「その名は『主はわれらの救い』」

(11月30日の説教から)

牧師 原田 史郎

ルカによる福音書21章25~36節

エレミヤは「見よ、わたしが、イスラエルの家とユダの家に恵みの約束を果たす日が来る(エレミヤ書33章14節)」と神の約束を語りました。「その日、その時、正義の若枝を生え出させる」と言われた神は、その若枝を「その名は『主はわれらの救い』と呼ばれるであろう」と預言されました。この若枝こそ、福音書が証しする「イエス・キリスト」において成就したのです。

主イエスは、エレミヤ預言の「恵みの約束を果たす日」の有様を、ルカによる福音書21章で語っておられます。この約束の日の到来には、予兆があるということです。いちじくの葉が出始めると、人々は、夏が近づいていることを知りました。「それと同じように、あなた方は、これらのこと(21章25~28節)が起こるのを見たら、神の国が近づいていると悟りなさい」と主は言われます。自然界の異常気象や変動も、この日の警告なのです。

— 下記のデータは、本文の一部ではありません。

section \<open>Pigeonhole and the perturbation direction\<close>

lemma infinite_recurring_pattern:
  fixes p :: "nat \<Rightarrow> 'a \<Rightarrow> 'b"
  assumes "finite F" "finite V" "\<And>k f. p k f \<in> V"
  shows "\<exists>k0. infinite {k. \<forall>f\<in>F. p k f = p k0 f}"
proof -
  define pat where "pat k = restrict (p k) F" for k
  have "range pat \<subseteq> PiE F (\<lambda>_. V)" using assms(3) by (auto simp: pat_def)
  hence "finite (range pat)" using assms(1,2) by (meson finite_PiE finite_subset)
  then obtain k0 where "infinite {k. pat k = pat k0}"
    using pigeonhole_infinite[OF infinite_UNIV_nat] by auto
  moreover have "pat k = pat k0 \<longleftrightarrow> (\<forall>f\<in>F. p k f = p k0 f)" for k
    unfolding pat_def by (auto simp: restrict_def fun_eq_iff)
  ultimately show ?thesis by auto
qed

lemma infinite_small_radius:
  assumes "infinite (K :: nat set)" "a > 0"
  shows "\<exists>k. k \<in> K \<and> 1 / real (Suc k) \<le> a"
proof -
  obtain k where k: "k \<in> K" "nat \<lceil>1 / a\<rceil> \<le> k"
    using assms(1) by (meson finite_nat_set_iff_bounded_le nle_le)
  hence "1 / a \<le> real (Suc k)" by linarith
  thus ?thesis using k(1) assms(2) by (auto simp: field_simps)
qed

lemma direction_towards_points:
  assumes Q: "subfield_real Q" and w: "w \<in> Qvec Q n"
    and x: "\<And>a. a > 0 \<Longrightarrow> x a \<in> Qvec Q n" "\<And>a. a > 0 \<Longrightarrow> vdist n w (x a) < a"
  defines "h \<equiv> \<lambda>a. if a \<le> 0 then (\<lambda>_. 0) else (\<lambda>i. x a i - w i)"
  shows "direction_ok Q n h" and "\<And>a. a > 0 \<Longrightarrow> vadd w (h a) = x a"
proof -
  have small: "vdist n (h a) (h 0) < a" if "a > 0" for a
    using x(2)[OF that] that by (simp add: h_def vdist_def power2_commute)
  have close: "vdist n (h a) (h 0) < e" if "\<bar>a\<bar> < e" "e > 0" for a e :: real
    using small[of a] that by (cases "a > 0") (auto simp: h_def vdist_def)
  show "direction_ok Q n h"
    unfolding direction_ok_def
  proof (intro conjI allI impI)
    show "h a \<in> Qvec Q n" for a
      using Qvec_diff[OF Q x(1) w] Q by (auto simp: h_def Qvec_def subfield_real_def)
    show "h 0 = (\<lambda>_. 0)" by (simp add: h_def)
    show "\<exists>d>0. \<forall>a. \<bar>a\<bar> < d \<longrightarrow> vdist n (h a) (h 0) < e" if "e > 0" for e :: real
      using close that by blast
  qed
  show "vadd w (h a) = x a" if "a > 0" for a
    using that by (simp add: h_def vadd_def)
qed

lemma sign_behaviour_into_direction:
  assumes nb: "\<And>a. a > 0 \<Longrightarrow> \<exists>e>0. nbhd Q n (vadd w (h a)) e \<subseteq> W \<and>
              (\<forall>y\<in>nbhd Q n (vadd w (h a)) e. \<forall>v\<in>F. sgn (v y - v w) = s v)"
    and s: "\<forall>v\<in>F. s v \<in> {-1, 0, 1}"
  shows "continues_into Q n W h w"
    and "\<forall>v\<in>F. decreasing_into Q n W v h w \<or> constant_into Q n W v h w \<or> increasing_into Q n W v h w"
proof -
  show "continues_into Q n W h w"
    unfolding continues_into_def
  proof (rule exI[of _ 1], intro conjI allI impI)
    show "\<exists>e>0. nbhd Q n (vadd w (h a)) e \<subseteq> W" if "0 < a \<and> a < 1" for a
      using nb[of a] that by blast
  qed simp
  have moves: "moves_into (s v) Q n W v h w" if "v \<in> F" for v
    unfolding moves_into_def
  proof (rule exI[of _ 1], intro conjI allI impI)
    show "\<exists>e>0. nbhd Q n (vadd w (h a)) e \<subseteq> W \<and>
        (\<forall>y\<in>nbhd Q n (vadd w (h a)) e. sgn (v y - v w) = s v)"
      if "0 < a \<and> a < 1" for a
      using nb[of a] that \<open>v \<in> F\<close> by blast
  qed simp
  show "\<forall>v\<in>F. decreasing_into Q n W v h w \<or> constant_into Q n W v h w \<or> increasing_into Q n W v h w"
  proof
    fix v assume "v \<in> F"
    thus "decreasing_into Q n W v h w \<or> constant_into Q n W v h w \<or> increasing_into Q n W v h w"
      using moves[OF \<open>v \<in> F\<close>] s
      unfolding decreasing_into_def constant_into_def increasing_into_def by auto
  qed
qed

text \<open>The direction points to x_k for indices k with a recurring sign
  pattern.\<close>
lemma exists_sign_stable_direction:
  assumes Q: "subfield_real Q" and W: "semi_open Q n W" and w: "w \<in> W"
    and F: "finite F" "\<forall>f\<in>F. contW n W f"
  shows "\<exists>h. direction_ok Q n h \<and> continues_into Q n W h w \<and>
     (\<forall>v\<in>F. decreasing_into Q n W v h w \<or> constant_into Q n W v h w \<or> increasing_into Q n W v h w)"
proof -
  obtain U where U: "\<And>k. U k \<noteq> {}" "\<And>k. openQ Q n (U k)"
      "\<And>k. U k \<subseteq> nbhd Q n w (1 / real (Suc k)) \<inter> W" "\<And>k. \<forall>f\<in>F. sign_uniform f (f w) (U k)"
    using sign_uniform_sequence[OF W w F] by blast
  define x where "x k = (SOME z. z \<in> U k)" for k
  have xU: "x k \<in> U k" for k using U(1)[of k] unfolding x_def by (simp add: some_in_eq)
  have sgn_values: "sgn (f y - f w) \<in> {-1, 0, 1 :: real}" for f y by (simp add: sgn_real_def)
  then obtain k0 where k0: "infinite {k. \<forall>f\<in>F. sgn (f (x k) - f w) = sgn (f (x k0) - f w)}"
    using infinite_recurring_pattern[OF F(1), of "{-1, 0, 1}" "\<lambda>k f. sgn (f (x k) - f w)"]
    by auto
  define K where "K = {k. \<forall>f\<in>F. sgn (f (x k) - f w) = sgn (f (x k0) - f w)}"
  have K: "infinite K" "\<And>k f. k \<in> K \<Longrightarrow> f \<in> F \<Longrightarrow> sgn (f (x k) - f w) = sgn (f (x k0) - f w)"
    using k0 unfolding K_def by auto
  define sel where "sel a = (SOME k. k \<in> K \<and> 1 / real (Suc k) \<le> a)" for a :: real
  have sel: "sel a \<in> K" "1 / real (Suc (sel a)) \<le> a" if "a > 0" for a
    using someI_ex[OF infinite_small_radius[OF K(1) that]] unfolding sel_def by auto
  have wQ: "w \<in> Qvec Q n" using W w unfolding semi_open_def by blast
  have "x (sel a) \<in> Qvec Q n" "vdist n w (x (sel a)) < a" if "a > 0" for a
    using U(3)[of "sel a"] xU[of "sel a"] sel(2)[OF that] by (auto simp: nbhd_def)
  note direction = direction_towards_points[OF Q wQ this]
  define h where "h = (\<lambda>a. if a \<le> 0 then (\<lambda>_. 0) else (\<lambda>i. x (sel a) i - w i))"
  have dir: "direction_ok Q n h" "\<And>a. a > 0 \<Longrightarrow> vadd w (h a) = x (sel a)"
    using direction unfolding h_def by blast+
  \<comment> \<open>w + h(a) = x (sel a) has a neighbourhood inside U (sel a), which lies in W and on
     which every v in F has the recurring sign.\<close>
  have nb: "\<exists>e>0. nbhd Q n (vadd w (h a)) e \<subseteq> W \<and>
          (\<forall>y\<in>nbhd Q n (vadd w (h a)) e. \<forall>v\<in>F. sgn (v y - v w) = sgn (v (x k0) - v w))"
    if "a > 0" for a
  proof -
    obtain e where e: "e > 0" "nbhd Q n (x (sel a)) e \<subseteq> U (sel a)"
      using U(2) xU unfolding openQ_def by blast
    have "U (sel a) \<subseteq> W" using U(3) by blast
    moreover have "sgn (v y - v w) = sgn (v (x k0) - v w)" if "y \<in> U (sel a)" "v \<in> F" for y v
    proof -
      have "sgn (v y - v w) = sgn (v (x (sel a)) - v w)"
        using U(4) xU that unfolding sign_uniform_def by blast
      thus ?thesis using K(2)[OF sel(1)[OF \<open>a > 0\<close>] \<open>v \<in> F\<close>] by simp
    qed
    ultimately show ?thesis unfolding dir(2)[OF that] using e by blast
  qed
  have "\<forall>v\<in>F. sgn (v (x k0) - v w) \<in> {-1, 0, 1}" using sgn_values by blast
  note behaviour = sign_behaviour_into_direction[where h = h and s = "\<lambda>v. sgn (v (x k0) - v w)",
      OF nb this]
  show ?thesis using dir(1) behaviour by blast
qed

そして、さらに、この日に備えて「放縦や深酒や生活の煩いで、心が鈍くならないように注意しなさい」と勧められます。最近、深夜ラジオで “今だけ、金だけ、自分だけ”という「三だけ主義」が放送され、一寸、話題になりました。神への畏れも、永遠や魂に対しても心が鈍くなった今の現世主義的な生き方を表わしたのでしょう。このような当世の風潮であるだけに、わたしたちは主の「人の子の前に立つことができるように、いつも目を覚まして祈りなさい」とのお言葉を心にとめつつ、歩みましょう。